In the material below, identify each line bearing the word "beta". Reproduce those lines.

**EXTRACTED ENTRIES**:
--- START ---

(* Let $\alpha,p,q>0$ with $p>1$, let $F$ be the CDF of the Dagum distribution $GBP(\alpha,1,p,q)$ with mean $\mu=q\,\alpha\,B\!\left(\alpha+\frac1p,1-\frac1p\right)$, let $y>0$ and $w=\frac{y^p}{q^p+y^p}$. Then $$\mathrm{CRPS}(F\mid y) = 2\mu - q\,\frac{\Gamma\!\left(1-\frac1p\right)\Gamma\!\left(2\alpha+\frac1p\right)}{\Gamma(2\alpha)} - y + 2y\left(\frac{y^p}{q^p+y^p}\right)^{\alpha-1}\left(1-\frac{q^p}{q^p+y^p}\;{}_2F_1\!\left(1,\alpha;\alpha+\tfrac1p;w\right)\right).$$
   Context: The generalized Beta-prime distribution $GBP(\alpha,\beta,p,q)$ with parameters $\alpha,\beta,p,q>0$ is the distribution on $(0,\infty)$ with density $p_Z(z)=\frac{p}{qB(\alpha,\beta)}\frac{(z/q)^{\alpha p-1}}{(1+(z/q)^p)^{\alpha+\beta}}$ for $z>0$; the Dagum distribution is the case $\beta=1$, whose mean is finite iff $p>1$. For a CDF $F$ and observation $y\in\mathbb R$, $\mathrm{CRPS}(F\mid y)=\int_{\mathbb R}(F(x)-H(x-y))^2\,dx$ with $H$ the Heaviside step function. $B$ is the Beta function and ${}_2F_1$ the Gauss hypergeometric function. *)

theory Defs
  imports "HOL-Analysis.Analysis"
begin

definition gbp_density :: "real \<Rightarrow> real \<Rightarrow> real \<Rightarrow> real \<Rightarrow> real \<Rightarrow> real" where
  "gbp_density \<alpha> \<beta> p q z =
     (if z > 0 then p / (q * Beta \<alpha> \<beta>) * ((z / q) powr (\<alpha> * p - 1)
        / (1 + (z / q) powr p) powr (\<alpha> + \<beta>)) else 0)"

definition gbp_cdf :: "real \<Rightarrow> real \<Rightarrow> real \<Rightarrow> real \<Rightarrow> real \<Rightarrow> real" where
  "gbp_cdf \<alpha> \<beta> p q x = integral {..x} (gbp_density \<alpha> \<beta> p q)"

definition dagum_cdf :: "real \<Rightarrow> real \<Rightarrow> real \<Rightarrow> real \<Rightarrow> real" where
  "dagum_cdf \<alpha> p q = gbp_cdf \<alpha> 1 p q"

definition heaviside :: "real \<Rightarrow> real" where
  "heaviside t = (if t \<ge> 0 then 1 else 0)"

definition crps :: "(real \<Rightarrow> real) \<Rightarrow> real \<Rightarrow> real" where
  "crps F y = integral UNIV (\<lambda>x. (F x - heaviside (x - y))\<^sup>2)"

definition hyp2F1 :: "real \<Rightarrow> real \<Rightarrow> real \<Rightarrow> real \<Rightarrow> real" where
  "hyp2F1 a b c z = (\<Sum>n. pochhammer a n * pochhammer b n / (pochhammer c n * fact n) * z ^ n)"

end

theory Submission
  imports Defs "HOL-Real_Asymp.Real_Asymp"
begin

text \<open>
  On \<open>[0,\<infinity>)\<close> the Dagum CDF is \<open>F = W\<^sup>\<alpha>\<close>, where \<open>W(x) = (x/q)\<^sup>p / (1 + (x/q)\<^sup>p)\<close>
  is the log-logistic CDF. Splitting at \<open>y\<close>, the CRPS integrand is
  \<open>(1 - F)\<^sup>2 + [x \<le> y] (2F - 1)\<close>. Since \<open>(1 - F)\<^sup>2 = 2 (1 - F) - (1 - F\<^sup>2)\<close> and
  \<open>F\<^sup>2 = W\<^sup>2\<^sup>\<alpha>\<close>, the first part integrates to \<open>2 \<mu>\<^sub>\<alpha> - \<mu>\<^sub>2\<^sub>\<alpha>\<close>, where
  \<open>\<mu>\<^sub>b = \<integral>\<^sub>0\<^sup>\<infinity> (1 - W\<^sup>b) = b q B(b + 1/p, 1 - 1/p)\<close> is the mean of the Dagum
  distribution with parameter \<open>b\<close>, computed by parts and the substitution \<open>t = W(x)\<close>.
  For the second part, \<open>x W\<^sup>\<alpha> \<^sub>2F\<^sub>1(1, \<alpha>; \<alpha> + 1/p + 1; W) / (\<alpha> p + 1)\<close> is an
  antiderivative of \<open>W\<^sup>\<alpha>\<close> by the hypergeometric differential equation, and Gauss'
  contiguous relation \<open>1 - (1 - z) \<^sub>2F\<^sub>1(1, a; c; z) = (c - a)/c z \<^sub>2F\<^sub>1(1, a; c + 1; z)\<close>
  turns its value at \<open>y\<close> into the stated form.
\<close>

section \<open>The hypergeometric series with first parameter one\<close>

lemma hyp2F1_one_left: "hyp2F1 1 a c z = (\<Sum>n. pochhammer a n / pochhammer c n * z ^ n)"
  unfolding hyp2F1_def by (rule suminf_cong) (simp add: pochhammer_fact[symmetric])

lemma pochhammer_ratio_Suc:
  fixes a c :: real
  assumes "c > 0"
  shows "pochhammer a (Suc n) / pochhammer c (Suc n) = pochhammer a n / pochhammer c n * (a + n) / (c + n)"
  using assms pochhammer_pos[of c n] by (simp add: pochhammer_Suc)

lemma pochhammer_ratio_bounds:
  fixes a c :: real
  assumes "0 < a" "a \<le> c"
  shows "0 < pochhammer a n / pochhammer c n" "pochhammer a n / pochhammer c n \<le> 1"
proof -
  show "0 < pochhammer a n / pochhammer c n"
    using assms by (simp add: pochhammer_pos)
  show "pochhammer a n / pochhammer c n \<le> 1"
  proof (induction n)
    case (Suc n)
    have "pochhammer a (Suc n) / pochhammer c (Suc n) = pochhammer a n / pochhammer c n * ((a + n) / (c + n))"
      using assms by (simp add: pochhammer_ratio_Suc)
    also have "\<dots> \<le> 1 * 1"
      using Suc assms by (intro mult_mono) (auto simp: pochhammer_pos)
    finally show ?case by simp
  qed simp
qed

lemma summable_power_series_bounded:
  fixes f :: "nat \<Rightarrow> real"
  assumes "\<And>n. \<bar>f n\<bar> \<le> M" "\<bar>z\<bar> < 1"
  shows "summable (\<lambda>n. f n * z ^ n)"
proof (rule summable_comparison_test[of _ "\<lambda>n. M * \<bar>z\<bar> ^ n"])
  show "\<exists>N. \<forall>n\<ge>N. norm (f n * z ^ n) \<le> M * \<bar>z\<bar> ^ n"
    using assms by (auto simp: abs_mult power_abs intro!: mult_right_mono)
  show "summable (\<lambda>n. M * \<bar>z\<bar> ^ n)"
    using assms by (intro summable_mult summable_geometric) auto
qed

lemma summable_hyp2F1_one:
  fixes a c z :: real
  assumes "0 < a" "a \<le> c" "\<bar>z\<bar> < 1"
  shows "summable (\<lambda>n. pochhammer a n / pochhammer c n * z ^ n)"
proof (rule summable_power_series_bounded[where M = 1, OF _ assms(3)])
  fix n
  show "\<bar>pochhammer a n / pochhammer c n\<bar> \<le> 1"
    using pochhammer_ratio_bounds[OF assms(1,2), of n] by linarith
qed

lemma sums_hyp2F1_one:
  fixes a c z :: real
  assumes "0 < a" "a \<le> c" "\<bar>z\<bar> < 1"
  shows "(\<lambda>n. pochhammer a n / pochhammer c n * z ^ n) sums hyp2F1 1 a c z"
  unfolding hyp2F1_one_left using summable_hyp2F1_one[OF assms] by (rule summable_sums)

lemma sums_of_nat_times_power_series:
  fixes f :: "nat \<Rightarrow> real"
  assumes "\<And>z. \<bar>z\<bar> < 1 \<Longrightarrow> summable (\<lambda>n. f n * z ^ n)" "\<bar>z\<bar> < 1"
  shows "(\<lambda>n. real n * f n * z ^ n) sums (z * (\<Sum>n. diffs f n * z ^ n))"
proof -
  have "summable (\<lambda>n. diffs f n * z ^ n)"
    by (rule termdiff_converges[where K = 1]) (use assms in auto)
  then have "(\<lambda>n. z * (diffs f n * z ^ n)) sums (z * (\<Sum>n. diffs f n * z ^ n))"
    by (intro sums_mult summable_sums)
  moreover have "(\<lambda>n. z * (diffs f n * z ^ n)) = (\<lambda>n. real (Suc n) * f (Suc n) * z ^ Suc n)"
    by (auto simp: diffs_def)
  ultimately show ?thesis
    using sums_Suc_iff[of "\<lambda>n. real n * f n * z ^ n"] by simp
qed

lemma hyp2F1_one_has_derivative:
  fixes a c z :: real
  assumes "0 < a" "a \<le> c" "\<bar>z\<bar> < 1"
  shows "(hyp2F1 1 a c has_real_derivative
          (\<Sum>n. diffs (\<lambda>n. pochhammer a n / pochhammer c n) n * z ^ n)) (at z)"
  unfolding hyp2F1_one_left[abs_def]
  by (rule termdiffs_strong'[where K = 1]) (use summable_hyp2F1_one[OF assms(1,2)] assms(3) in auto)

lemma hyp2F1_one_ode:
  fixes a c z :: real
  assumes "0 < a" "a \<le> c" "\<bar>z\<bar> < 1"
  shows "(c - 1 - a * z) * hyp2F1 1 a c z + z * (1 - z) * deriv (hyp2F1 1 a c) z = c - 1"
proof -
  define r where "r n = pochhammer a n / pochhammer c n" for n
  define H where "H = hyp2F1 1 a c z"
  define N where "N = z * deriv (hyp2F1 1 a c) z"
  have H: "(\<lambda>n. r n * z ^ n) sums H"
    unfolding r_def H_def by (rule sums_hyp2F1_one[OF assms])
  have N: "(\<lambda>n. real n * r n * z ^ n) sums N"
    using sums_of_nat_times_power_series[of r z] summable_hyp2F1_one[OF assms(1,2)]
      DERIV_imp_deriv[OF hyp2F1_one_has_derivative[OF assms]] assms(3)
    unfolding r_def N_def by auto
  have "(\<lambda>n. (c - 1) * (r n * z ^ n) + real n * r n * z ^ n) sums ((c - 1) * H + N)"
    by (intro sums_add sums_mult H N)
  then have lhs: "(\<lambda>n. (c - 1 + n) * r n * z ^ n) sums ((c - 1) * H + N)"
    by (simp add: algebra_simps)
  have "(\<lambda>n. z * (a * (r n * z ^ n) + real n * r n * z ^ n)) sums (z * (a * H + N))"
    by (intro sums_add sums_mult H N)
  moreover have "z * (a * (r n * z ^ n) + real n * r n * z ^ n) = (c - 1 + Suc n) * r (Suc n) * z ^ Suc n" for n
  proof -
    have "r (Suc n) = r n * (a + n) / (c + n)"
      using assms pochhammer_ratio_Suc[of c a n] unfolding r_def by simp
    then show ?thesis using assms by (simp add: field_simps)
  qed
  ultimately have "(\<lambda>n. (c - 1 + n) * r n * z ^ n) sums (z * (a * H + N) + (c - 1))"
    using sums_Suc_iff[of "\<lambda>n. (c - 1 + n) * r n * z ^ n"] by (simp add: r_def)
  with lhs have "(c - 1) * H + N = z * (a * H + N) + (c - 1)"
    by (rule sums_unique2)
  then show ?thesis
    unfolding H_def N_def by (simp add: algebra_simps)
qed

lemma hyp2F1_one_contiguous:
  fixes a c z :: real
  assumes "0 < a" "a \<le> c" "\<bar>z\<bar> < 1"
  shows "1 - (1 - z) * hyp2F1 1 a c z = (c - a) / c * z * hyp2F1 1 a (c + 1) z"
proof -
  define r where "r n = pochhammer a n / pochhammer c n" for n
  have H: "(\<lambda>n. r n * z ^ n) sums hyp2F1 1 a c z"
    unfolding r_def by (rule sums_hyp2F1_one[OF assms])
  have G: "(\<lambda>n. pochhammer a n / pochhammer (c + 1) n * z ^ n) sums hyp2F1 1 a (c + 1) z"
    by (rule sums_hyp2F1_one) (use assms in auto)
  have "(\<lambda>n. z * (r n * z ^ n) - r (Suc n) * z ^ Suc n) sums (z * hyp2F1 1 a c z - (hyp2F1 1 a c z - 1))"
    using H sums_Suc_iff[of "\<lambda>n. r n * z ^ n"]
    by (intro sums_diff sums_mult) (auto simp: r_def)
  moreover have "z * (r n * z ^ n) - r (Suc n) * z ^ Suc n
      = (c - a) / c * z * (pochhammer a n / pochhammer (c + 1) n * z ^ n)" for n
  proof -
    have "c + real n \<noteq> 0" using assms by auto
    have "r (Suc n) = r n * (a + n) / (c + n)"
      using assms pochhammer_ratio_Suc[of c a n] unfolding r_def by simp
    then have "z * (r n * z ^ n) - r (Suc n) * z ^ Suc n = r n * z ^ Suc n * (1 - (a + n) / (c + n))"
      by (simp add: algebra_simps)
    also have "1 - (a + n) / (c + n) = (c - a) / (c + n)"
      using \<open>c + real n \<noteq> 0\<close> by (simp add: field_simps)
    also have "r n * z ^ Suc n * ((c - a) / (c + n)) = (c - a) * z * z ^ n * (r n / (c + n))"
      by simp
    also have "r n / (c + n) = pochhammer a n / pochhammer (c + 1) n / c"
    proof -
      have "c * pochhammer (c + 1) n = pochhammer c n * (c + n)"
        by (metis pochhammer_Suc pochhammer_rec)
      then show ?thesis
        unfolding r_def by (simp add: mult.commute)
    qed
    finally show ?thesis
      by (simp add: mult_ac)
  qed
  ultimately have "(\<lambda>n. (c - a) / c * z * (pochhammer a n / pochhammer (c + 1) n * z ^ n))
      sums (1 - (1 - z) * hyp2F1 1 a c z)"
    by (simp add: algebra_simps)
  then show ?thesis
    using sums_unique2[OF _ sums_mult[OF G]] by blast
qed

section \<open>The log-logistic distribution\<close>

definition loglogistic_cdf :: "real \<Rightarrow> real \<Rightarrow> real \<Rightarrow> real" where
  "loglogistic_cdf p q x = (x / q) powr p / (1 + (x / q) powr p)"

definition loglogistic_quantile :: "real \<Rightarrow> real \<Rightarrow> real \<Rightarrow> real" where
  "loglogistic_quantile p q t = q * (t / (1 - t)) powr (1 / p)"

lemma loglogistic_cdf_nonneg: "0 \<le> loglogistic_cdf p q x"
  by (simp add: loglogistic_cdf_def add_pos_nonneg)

--- END ---

**RESPONSE**:
   Context: The generalized Beta-prime distribution $GBP(\alpha,\beta,p,q)$ with parameters $\alpha,\beta,p,q>0$ is the distribution on $(0,\infty)$ with density $p_Z(z)=\frac{p}{qB(\alpha,\beta)}\frac{(z/q)^{\alpha p-1}}{(1+(z/q)^p)^{\alpha+\beta}}$ for $z>0$; the Dagum distribution is the case $\beta=1$, whose mean is finite iff $p>1$. For a CDF $F$ and observation $y\in\mathbb R$, $\mathrm{CRPS}(F\mid y)=\int_{\mathbb R}(F(x)-H(x-y))^2\,dx$ with $H$ the Heaviside step function. $B$ is the Beta function and ${}_2F_1$ the Gauss hypergeometric function. *)
  "gbp_density \<alpha> \<beta> p q z =
     (if z > 0 then p / (q * Beta \<alpha> \<beta>) * ((z / q) powr (\<alpha> * p - 1)
        / (1 + (z / q) powr p) powr (\<alpha> + \<beta>)) else 0)"
  "gbp_cdf \<alpha> \<beta> p q x = integral {..x} (gbp_density \<alpha> \<beta> p q)"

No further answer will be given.